→ **What to produce**: Copy each entry below exactly.

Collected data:
lemma numrange_segment:
  assumes T: "lin_op D T" and M: "lin_subspace M" "M \<subseteq> D"
    and x: "x \<in> M" "l2norm x = 1" and y: "y \<in> M" "l2norm y = 1" and r: "0 \<le> r" "r \<le> 1"
  shows "(1 - r) *\<^sub>R l2inner (T x) x + r *\<^sub>R l2inner (T y) y \<in> numrange T M"
proof -
  have D: "x \<in> D" "y \<in> D" using x y M by auto
  have l2: "x \<in> l2" "y \<in> l2" using D lin_op_dom[OF T] by (auto simp: lin_subspace_def)
  have unit: "l2inner x x = 1" "l2inner y y = 1" using x y l2 by (simp_all add: l2norm_eq_1_iff)
  define a where "a = l2inner (T x) x"
  define b where "b = l2inner (T y) y"
  show ?thesis
  proof (cases "a = b")
    case True
    then have "(1 - r) *\<^sub>R a + r *\<^sub>R b = a" by (simp add: scaleR_left_diff_distrib)
    then show ?thesis using x by (auto simp: a_def b_def numrange_def)
  next
    case False
    txt \<open>The unimodular factor makes l2inner (T z) z - a * l2inner z z a real multiple of b - a
      along the path z, so the Rayleigh quotient of z moves continuously along the segment
      from a to b.\<close>
    have "b - a \<noteq> 0" using False by simp
    then obtain \<omega> k where \<omega>: "cnj \<omega> * \<omega> = 1" and k:
      "cnj \<omega> * (l2inner (T x) y - a * l2inner x y) + \<omega> * (l2inner (T y) x - a * l2inner y x) = (b - a) * of_real k"
      using exists_unimodular_real_multiple by blast
    define z where "z = segment_path x y \<omega>"
    define n where "n t = (1 - t)\<^sup>2 + t * (1 - t) * (2 * Re (cnj \<omega> * l2inner x y)) + t\<^sup>2" for t :: real
    define g where "g t = t\<^sup>2 + t * (1 - t) * k" for t :: real
    have N: "l2inner (z t) (z t) = of_real (n t)" for t
      using l2inner_segment_path_self[OF l2 unit \<omega>] by (simp add: z_def n_def)
    have Q: "l2inner (T (z t)) (z t) - a * l2inner (z t) (z t) = (b - a) * of_real (g t)" for t
      using quadratic_form_segment_path[OF T D unit \<omega> k[unfolded a_def b_def]]
      by (simp add: z_def g_def a_def b_def)
    have z_nz: "z t \<noteq> vzero" if "0 \<le> t" "t \<le> 1" for t
      using segment_path_nonzero[OF T D unit _ \<omega> that] False by (simp add: z_def a_def b_def)
    have n_nz: "n t \<noteq> 0" if "0 \<le> t" "t \<le> 1" for t
    proof -
      have "z t \<in> l2" using segment_path_in_subspace[OF lin_subspace_l2 l2] by (simp add: z_def)
      then show ?thesis using z_nz[OF that] N[of t] l2inner_self_eq_0_iff[of "z t"] by simp
    qed
    have "continuous_on {0..1} (\<lambda>t. g t / n t)"
      using n_nz unfolding g_def n_def by (intro continuous_intros) auto
    moreover have "g 0 / n 0 = 0" "g 1 / n 1 = 1" by (simp_all add: g_def n_def)
    ultimately obtain t where t: "0 \<le> t" "t \<le> 1" "g t / n t = r"
      using IVT'[of "\<lambda>t. g t / n t" 0 r 1] r by auto
    have "l2inner (T (z t)) (z t) / l2inner (z t) (z t) = a + (b - a) * of_real (g t / n t)"
      using Q[of t] N[of t] n_nz[OF t(1,2)] by (simp add: field_simps)
    also have "\<dots> = (1 - r) *\<^sub>R a + r *\<^sub>R b"
      using t(3) by (simp add: scaleR_conv_of_real algebra_simps)
    finally show ?thesis
      using rayleigh_quotient_in_numrange[OF T M _ z_nz[OF t(1,2)]] segment_path_in_subspace[OF M(1) x(1) y(1)]
      by (simp add: z_def a_def b_def)
  qed
qed

lemma numrange_convex:
  assumes "lin_op D T" "lin_subspace M" "M \<subseteq> D"
  shows "convex (numrange T M)"
  using numrange_segment[OF assms] by (auto simp: convex_alt numrange_def)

→ **Completed exercise**:
lemma numrange_segment:
  assumes T: "lin_op D T" and M: "lin_subspace M" "M \<subseteq> D"
    and x: "x \<in> M" "l2norm x = 1" and y: "y \<in> M" "l2norm y = 1" and r: "0 \<le> r" "r \<le> 1"
  shows "(1 - r) *\<^sub>R l2inner (T x) x + r *\<^sub>R l2inner (T y) y \<in> numrange T M"
proof -
  have D: "x \<in> D" "y \<in> D" using x y M by auto
  have l2: "x \<in> l2" "y \<in> l2" using D lin_op_dom[OF T] by (auto simp: lin_subspace_def)
  have unit: "l2inner x x = 1" "l2inner y y = 1" using x y l2 by (simp_all add: l2norm_eq_1_iff)
  define a where "a = l2inner (T x) x"
  define b where "b = l2inner (T y) y"
  show ?thesis
  proof (cases "a = b")
    case True
    then have "(1 - r) *\<^sub>R a + r *\<^sub>R b = a" by (simp add: scaleR_left_diff_distrib)
    then show ?thesis using x by (auto simp: a_def b_def numrange_def)
  next
    case False
    txt \<open>The unimodular factor makes l2inner (T z) z - a * l2inner z z a real multiple of b - a
      along the path z, so the Rayleigh quotient of z moves continuously along the segment
      from a to b.\<close>
    have "b - a \<noteq> 0" using False by simp
    then obtain \<omega> k where \<omega>: "cnj \<omega> * \<omega> = 1" and k:
      "cnj \<omega> * (l2inner (T x) y - a * l2inner x y) + \<omega> * (l2inner (T y) x - a * l2inner y x) = (b - a) * of_real k"
      using exists_unimodular_real_multiple by blast
    define z where "z = segment_path x y \<omega>"
    define n where "n t = (1 - t)\<^sup>2 + t * (1 - t) * (2 * Re (cnj \<omega> * l2inner x y)) + t\<^sup>2" for t :: real
    define g where "g t = t\<^sup>2 + t * (1 - t) * k" for t :: real
    have N: "l2inner (z t) (z t) = of_real (n t)" for t
      using l2inner_segment_path_self[OF l2 unit \<omega>] by (simp add: z_def n_def)
    have Q: "l2inner (T (z t)) (z t) - a * l2inner (z t) (z t) = (b - a) * of_real (g t)" for t
      using quadratic_form_segment_path[OF T D unit \<omega> k[unfolded a_def b_def]]
      by (simp add: z_def g_def a_def b_def)
    have z_nz: "z t \<noteq> vzero" if "0 \<le> t" "t \<le> 1" for t
      using segment_path_nonzero[OF T D unit _ \<omega> that] False by (simp add: z_def a_def b_def)
    have n_nz: "n t \<noteq> 0" if "0 \<le> t" "t \<le> 1" for t
    proof -
      have "z t \<in> l2" using segment_path_in_subspace[OF lin_subspace_l2 l2] by (simp add: z_def)
      then show ?thesis using z_nz[OF that] N[of t] l2inner_self_eq_0_iff[of "z t"] by simp
    qed
    have "continuous_on {0..1} (\<lambda>t. g t / n t)"
      using n_nz unfolding g_def n_def by (intro continuous_intros) auto
    moreover have "g 0 / n 0 = 0" "g 1 / n 1 = 1" by (simp_all add: g_def n_def)
    ultimately obtain t where t: "0 \<le> t" "t \<le> 1" "g t / n t = r"
      using IVT'[of "\<lambda>t. g t / n t" 0 r 1] r by auto
    have "l2inner (T (z t)) (z t) / l2inner (z t) (z t) = a + (b - a) * of_real (g t / n t)"
      using Q[of t] N[of t] n_nz[OF t(1,2)] by (simp add: field_simps)
    also have "\<dots> = (1 - r) *\<^sub>R a + r *\<^sub>R b"
      using t(3) by (simp add: scaleR_conv_of_real algebra_simps)
    finally show ?thesis
      using rayleigh_quotient_in_numrange[OF T M _ z_nz[OF t(1,2)]] segment_path_in_subspace[OF M(1) x(1) y(1)]
      by (simp add: z_def a_def b_def)
  qed
qed

lemma numrange_convex:
  assumes "lin_op D T" "lin_subspace M" "M \<subseteq> D"
  shows "convex (numrange T M)"
  using numrange_segment[OF assms] by (auto simp: convex_alt numrange_def)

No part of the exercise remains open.